Here we boost the macro F1 from 0.80 to 0.87 (by 8.75%).
So for the smallest model, we get the strongest relative gain from using few-shot exemplars.

## Similarity-based exemplar selection 

In [None]:
import pandas as pd
from sentence_transformers import SentenceTransformer
from sklearn.metrics.pairwise import cosine_similarity

embedder = SentenceTransformer('all-mpnet-base-v2')

In [None]:
def select_exemplars_by_similarity(text, embeddings, labels, k=3):
    """
    Select the top-k most similar exemplars for each class based on cosine similarity.
    """
    # embed the input text
    text_embedding = embedder.encode(text)
    # compute cosine similarities
    similarities = cosine_similarity([text_embedding], embeddings)[0]
    # put similarities and labels in a DataFrame
    out = pd.Series(similarities).to_frame('similarity')
    out['label'] = labels
    # select top-k exemplars per class
    out = out.groupby('label')['similarity'].apply(lambda x: x.nlargest(k)).reset_index(level=0, drop=True)
    # reshuffle
    out = out.sample(frac=1.0, random_state=42)
    # return the indices of the selected exemplars
    return out.index.tolist()

# pre-compute embeddings for all available exemplars (i.e., those not in the set of input texts to classify)
exemplars = df[~df.uid.isin(inputs.uid)].reset_index(drop=True)
exemplar_embeddings = embedder.encode(exemplars.text.to_list())

n_exemplars = 3
exemplars_by_text = []
# iterate over all texts to select the most similar exemplars for each text
for text in tqdm(texts, desc="Selecting exemplars by similarity"):
    idxs = select_exemplars_by_similarity(text, exemplar_embeddings, exemplars.label, k=n_exemplars)
    exs = exemplars.iloc[idxs]
    exemplars_by_text.append(get_exemplar_messages(exs))

In [None]:
# classify all texts using similarity-based exemplar selection
classifications_gemma3_4b_sim = []
for text, exs in tqdm(zip(texts, exemplars_by_text), total=len(texts)):
    pred = classify_text(text, instructions, exs, model=MODEL)
    classifications_gemma3_4b_sim.append(pred)

In [None]:
cr = classification_report(
    y_true=inputs.label,
    y_pred=classifications_gemma3_4b_sim,
)
print(cr)

The macro F1 doesn't change but the performance across label classes becomes more balanced

## Inter-LLM agreement?

What if we consider the different LLM's classifications as annotations?
Then we compute see the degree of their inter-annotator agreement (ICA).

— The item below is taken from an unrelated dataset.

(* Let $\{(\mathbf{x}^{(i)},y^{(i)})\}_{i=1}^n$ with $\|\mathbf{x}^{(i)}\|_2\le1$, $y^{(i)}\in\{-1,1\}$, and suppose there is $\mathbf{w}^*$ with $\|\mathbf{w}^*\|_2=1$ and $\min_iy^{(i)}\mathbf{x}^{(i)\top}\mathbf{w}^*=\gamma>0$. Let $A$ have rows $y^{(i)}\mathbf{x}^{(i)\top}$ and $\alpha_t=t$. Let $\mathbf{v}_T$ be produced by the Accelerated Perceptron: $\mathbf{q}_0=\tfrac{\mathbf{1}}{n}$, $\mathbf{v}_0=\mathbf{g}_0=\mathbf{0}$, and for $t=1,\dots,T$: $\mathbf{v}_t=\mathbf{v}_{t-1}-\frac{t}{2(t+1)}(\mathbf{g}_{t-1}-A^{\top}\mathbf{q}_{t-1})$, $q_{t,i}=\frac{\exp(-y^{(i)}\mathbf{v}_t^{\top}\mathbf{x}^{(i)})}{\sum_j\exp(-y^{(j)}\mathbf{v}_t^{\top}\mathbf{x}^{(j)})}$, $\mathbf{g}_t=\frac{t}{t+1}(\mathbf{g}_{t-1}-A^{\top}\mathbf{q}_t)$. Let also the game dynamics be: $g(\mathbf{w},\mathbf{p})=\mathbf{p}^{\top}A\mathbf{w}-\tfrac12\|\mathbf{w}\|_2^2$, $\mathbf{p}_0=\tfrac{\mathbf{1}}{n}$, $h_j(\mathbf{w})=-g(\mathbf{w},\mathbf{p}_j)$, $\ell_j(\mathbf{p})=g(\mathbf{w}_j,\mathbf{p})$, $\mathbf{w}_t=\arg\min_{\mathbf{w}\in\mathbb{R}^d}\sum_{j=1}^{t-1}\alpha_jh_j(\mathbf{w})+\alpha_th_{t-1}(\mathbf{w})$, $\mathbf{p}_t=\arg\min_{\mathbf{p}\in\Delta^n}\tfrac14\sum_{s=1}^t\alpha_s\ell_s(\mathbf{p})+D_E(\mathbf{p},\tfrac{\mathbf{1}}{n})$ for $t=1,\dots,T$, $\overline{\mathbf{w}}_T=\frac{\sum_t\alpha_t\mathbf{w}_t}{\sum_t\alpha_t}$, with weighted regrets $R^{\mathbf{w}}=\sum_{t=1}^T\alpha_th_t(\mathbf{w}_t)-\min_{\mathbf{w}\in\mathbb{R}^d}\sum_{t=1}^T\alpha_th_t(\mathbf{w})$, $R^{\mathbf{p}}=\sum_{t=1}^T\alpha_t\ell_t(\mathbf{p}_t)-\min_{\mathbf{p}\in\Delta^n}\sum_{t=1}^T\alpha_t\ell_t(\mathbf{p})$. Then $R^{\mathbf{w}}\le2\sum_{t=1}^T\|\mathbf{p}_t-\mathbf{p}_{t-1}\|_1^2$, $R^{\mathbf{p}}\le4\log n-2\sum_{t=1}^T\|\mathbf{p}_t-\mathbf{p}_{t-1}\|_1^2$; there is a universal constant $C>0$ such that $\overline{\mathbf{w}}_T$ has non-negative margin ($\min_iy^{(i)}\mathbf{x}^{(i)\top}\overline{\mathbf{w}}_T\ge0$) whenever $T\ge C\sqrt{\log n}/\gamma$; and the normalized margin satisfies $\overline{\gamma}(\mathbf{v}_T)=\Omega\!\left(\gamma-\frac{8\log n}{\gamma T(T+1)}\right)$.
   Context: $\Delta^n$ is the probability simplex; $\mathbf{1}$ the all-ones vector; $D_E(\mathbf{p},\mathbf{q})=\sum_ip_i\log(p_i/q_i)$. The normalized margin of $\mathbf{v}\ne\mathbf{0}$ is $\overline{\gamma}(\mathbf{v})=\frac{\min_{\mathbf{p}\in\Delta^n}\mathbf{p}^{\top}A\mathbf{v}}{\|\mathbf{v}\|_2}=\frac{\min_iy^{(i)}\mathbf{x}^{(i)\top}\mathbf{v}}{\|\mathbf{v}\|_2}$. *)

theory Defs
  imports Complex_Main
begin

This is equivalent to what we did in the [notebook](../annotation/compute_ica_pledge_classification.ipynb) on computing ICA in our policy pledge codings

In [None]:
import pandas as pd
from krippendorff import alpha

tmp = pd.DataFrame({
    'gpt4o': classifications_gpt4o,
    'gemma3_4b': classifications_gemma3_4b,
    'llama3_70b': classifications_llama3_70b,
    'deepseekR1': classifications_deepseekR1,
})

label2id = {
    'economic': 0,
    'social': 1,
    'neither': 2,
}

tmp = tmp.apply(lambda x: x.map(label2id))
alpha(tmp.T.values, level_of_measurement='nominal')

😳 This is a very strong agreement and about 10% higher than the agreemet between LLMs' zero-shot classifications.